The Metropolitan City of Bari (Italian: Città Metropolitana di Bari) is a metropolitan city in the Apulia region of Italy. Its capital is the city of Bari. It replaced the Province of Bari and includes the city of Bari and some forty other municipalities (comuni). It was first created by the reform of local authorities (Law 142/1990) and then established by the Law 56/2014. It has been operative since January 1, 2015.

The Metropolitan City of Bari is headed by the Metropolitan Mayor (Sindaco metropolitano) and by the Metropolitan Council (Consiglio metropolitano). Since 1 January 2015 Antonio Decaro, as mayor of the capital city, has been the first mayor of the Metropolitan City.
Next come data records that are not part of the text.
(* In the calculus $\lambda^{RE}$ described in the context: if $e_1\Rrightarrow^* e_1'$, $e_2\Rrightarrow^* e_2'$ and $\delta\vdash e_1'\approx e_2':\tau$, then $\delta\vdash e_1\approx e_2:\tau$.
   Context: Syntax of $\lambda^{RE}$. Basic types $b ::= \mathsf{Bool}\mid\mathsf{Unit}$. Constants $c ::= \mathsf{true}\mid\mathsf{false}\mid\mathsf{unit}\mid (=_b)\mid (=_{(c,b)})$. Expressions $e ::= c\mid x\mid e\ e\mid \lambda x{:}\tau.\,e\mid \mathsf{BEq}_b\ e\ e\ e\mid \mathsf{XEq}_{x:\tau\to\tau}\ e\ e\ e$. Values $v ::= c\mid \lambda x{:}\tau.\,e\mid \mathsf{BEq}_b\ e\ e\ v\mid \mathsf{XEq}_{x:\tau\to\tau}\ e\ e\ v$. Types $\tau ::= \{x{:}b\mid e\}\mid x{:}\tau\to\tau\mid \mathsf{PEq}_{\tau}\{e\}\{e\}$. $e[x:=e']$ is capture-avoiding substitution. Reduction: evaluation contexts $E ::= \bullet\mid E\ e\mid v\ E\mid \mathsf{BEq}_b\ e\ e\ E\mid\mathsf{XEq}_{x:\tau\to\tau}\ e\ e\ E$; $E[e]\to E[e']$ if $e\to e'$; $(\lambda x{:}\tau.\,e)\ v\to e[x:=v]$; $(=_b)\ c_1\to(=_{(c_1,b)})$; $(=_{(c_1,b)})\ c_2\to\mathsf{true}$ if $c_1,c_2$ syntactically equal, else $\to\mathsf{false}$. $\to^*$ is the reflexive–transitive closure. Parallel reduction $e\Rrightarrow e'$, $\tau\Rrightarrow\tau'$ (inductive): $x\Rrightarrow x$; $c\Rrightarrow c$; $\lambda x{:}\tau.e\Rrightarrow\lambda x{:}\tau'.e'$ if $\tau\Rrightarrow\tau'$, $e\Rrightarrow e'$; $e_1\ e_2\Rrightarrow e_1'\ e_2'$ if $e_i\Rrightarrow e_i'$; $(\lambda x{:}\tau.e)\ v\Rrightarrow e'[x:=v']$ if $e\Rrightarrow e'$, $v\Rrightarrow v'$; $(=_b)\ c_1\Rrightarrow(=_{(c_1,b)})$; $(=_{(c_1,b)})\ c_2\Rrightarrow\mathsf{true}$ if $c_1,c_2$ syntactically equal, $\Rrightarrow\mathsf{false}$ otherwise; $\mathsf{BEq}$ and $\mathsf{XEq}$ terms reduce componentwise (including type annotations); types reduce componentwise ($\{x{:}b\mid r\}\Rrightarrow\{x{:}b\mid r'\}$ if $r\Rrightarrow r'$, etc.). $\Rrightarrow^*$ is the reflexive–transitive closure. Equivalence logical relation. A pending substitution $\delta$ maps variables to pairs of closed values; $\delta_1,\delta_2$ are its component substitutions, and $\delta,(v_1,v_2)/x$ extends it. Value relation $\delta\vdash v_1\approx_{val}v_2:\tau$: for $\{x{:}b\mid r\}$: $v_1=v_2=c$ with $c$ a constant of simple type $b$, $\delta_1(r[x:=c])\to^*\mathsf{true}$ and $\delta_2(r[x:=c])\to^*\mathsf{true}$; for $x{:}\tau_x\to\tau$: for all $v_3,v_4$ with $\delta\vdash v_3\approx_{val}v_4:\tau_x$, $\delta,(v_3,v_4)/x\vdash v_1\ v_3\approx v_2\ v_4:\tau$; for $\mathsf{PEq}_\tau\{e_l\}\{e_r\}$: $\delta\vdash\delta_1(e_l)\approx\delta_2(e_r):\tau$. Expression relation: $\delta\vdash e_1\approx e_2:\tau$ iff $e_1\to^*v_1$, $e_2\to^*v_2$ and $\delta\vdash v_1\approx_{val}v_2:\tau$. *)

theory Defs
  imports Main
begin
(* In the Ornstein–Uhlenbeck setting described in the context, the optimal intervention boundaries satisfy: as functions of $c_1$ (all other parameters fixed), $c_1\mapsto a^*(c_1)$ is decreasing and $c_1\mapsto b^*(c_1)$ is increasing; as functions of $c_2$ (all other parameters fixed), $c_2\mapsto a^*(c_2)$ is decreasing and $c_2\mapsto b^*(c_2)$ is increasing.
   Context: Fix parameters $r>0$, $\rho>0$, $m\in\mathbb{R}$, $\sigma>0$, $\theta\in\mathbb{R}$ and constant marginal intervention costs $c_1,c_2\in\mathbb{R}$ with $c_1+c_2>0$ (the parameters are varied only within this range). The (log-)exchange rate controlled by $\nu=\xi-\eta$ (difference of two nondecreasing adapted left-continuous processes started at $0$, with increments on disjoint sets) evolves as $dX_t=\rho(m-X_t)dt+\sigma dB_t+d\xi_t-d\eta_t$, $X_0=x\in\mathbb{R}$, where $B$ is a Brownian motion. The central bank minimizes over admissible controls $\mathbb{E}_x[\int_0^\infty e^{-rs}\tfrac12(X_s-\theta)^2ds+c_1\int_0^\infty e^{-rs}d\xi_s+c_2\int_0^\infty e^{-rs}d\eta_s]$ (jumps included). Let $D_\alpha(y)=\frac{e^{-y^2/4}}{\Gamma(-\alpha)}\int_0^\infty t^{-\alpha-1}e^{-t^2/2-yt}dt$ ($\alpha<0$), $\widehat\phi(x)=e^{\rho(x-m)^2/(2\sigma^2)}D_{-(r+\rho)/\rho}\big(\tfrac{(x-m)\sqrt{2\rho}}{\sigma}\big)$, $\widehat\psi(x)=e^{\rho(x-m)^2/(2\sigma^2)}D_{-(r+\rho)/\rho}\big(-\tfrac{(x-m)\sqrt{2\rho}}{\sigma}\big)$, $\widehat m'(z)=\frac{2}{\sigma^2}e^{-\rho(z-m)^2/\sigma^2}$. The optimal intervention boundaries $a^*<b^*$ are the unique pair with $a^*<\theta-(r+\rho)c_1$ and $b^*>\theta+(r+\rho)c_2$ solving $\int_a^b(z-\theta+(r+\rho)c_1)\widehat m'\widehat\phi\,dz=-(r+\rho)(c_1+c_2)\int_b^\infty\widehat m'\widehat\phi\,dz$ and $\int_a^b(z-\theta-(r+\rho)c_2)\widehat m'\widehat\psi\,dz=(r+\rho)(c_1+c_2)\int_{-\infty}^a\widehat m'\widehat\psi\,dz$; the optimal policy keeps $X$ in $[a^*,b^*]$ by minimal reflection. *)

theory Defs
  imports "HOL-Analysis.Analysis"
begin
It has an area of 3.825 km2 (1.477 sq mi), and a total population of 1,261,152 (2014).[1]

Geography[edit]

Overlooking the Adriatic Sea in south-eastern Italy, the Province of Bari is located in the central part of Apulia and is bordered on the west by the provinces of Matera and Potenza, to the north by the province of Barletta-Andria-Trani, and to the south by the provinces of Taranto and Brindisi. The province of Bari was formerly a part of the region of Terra di Bari, which once included the towns of Fasano and Cisternino, now in the province of Brindisi.[2]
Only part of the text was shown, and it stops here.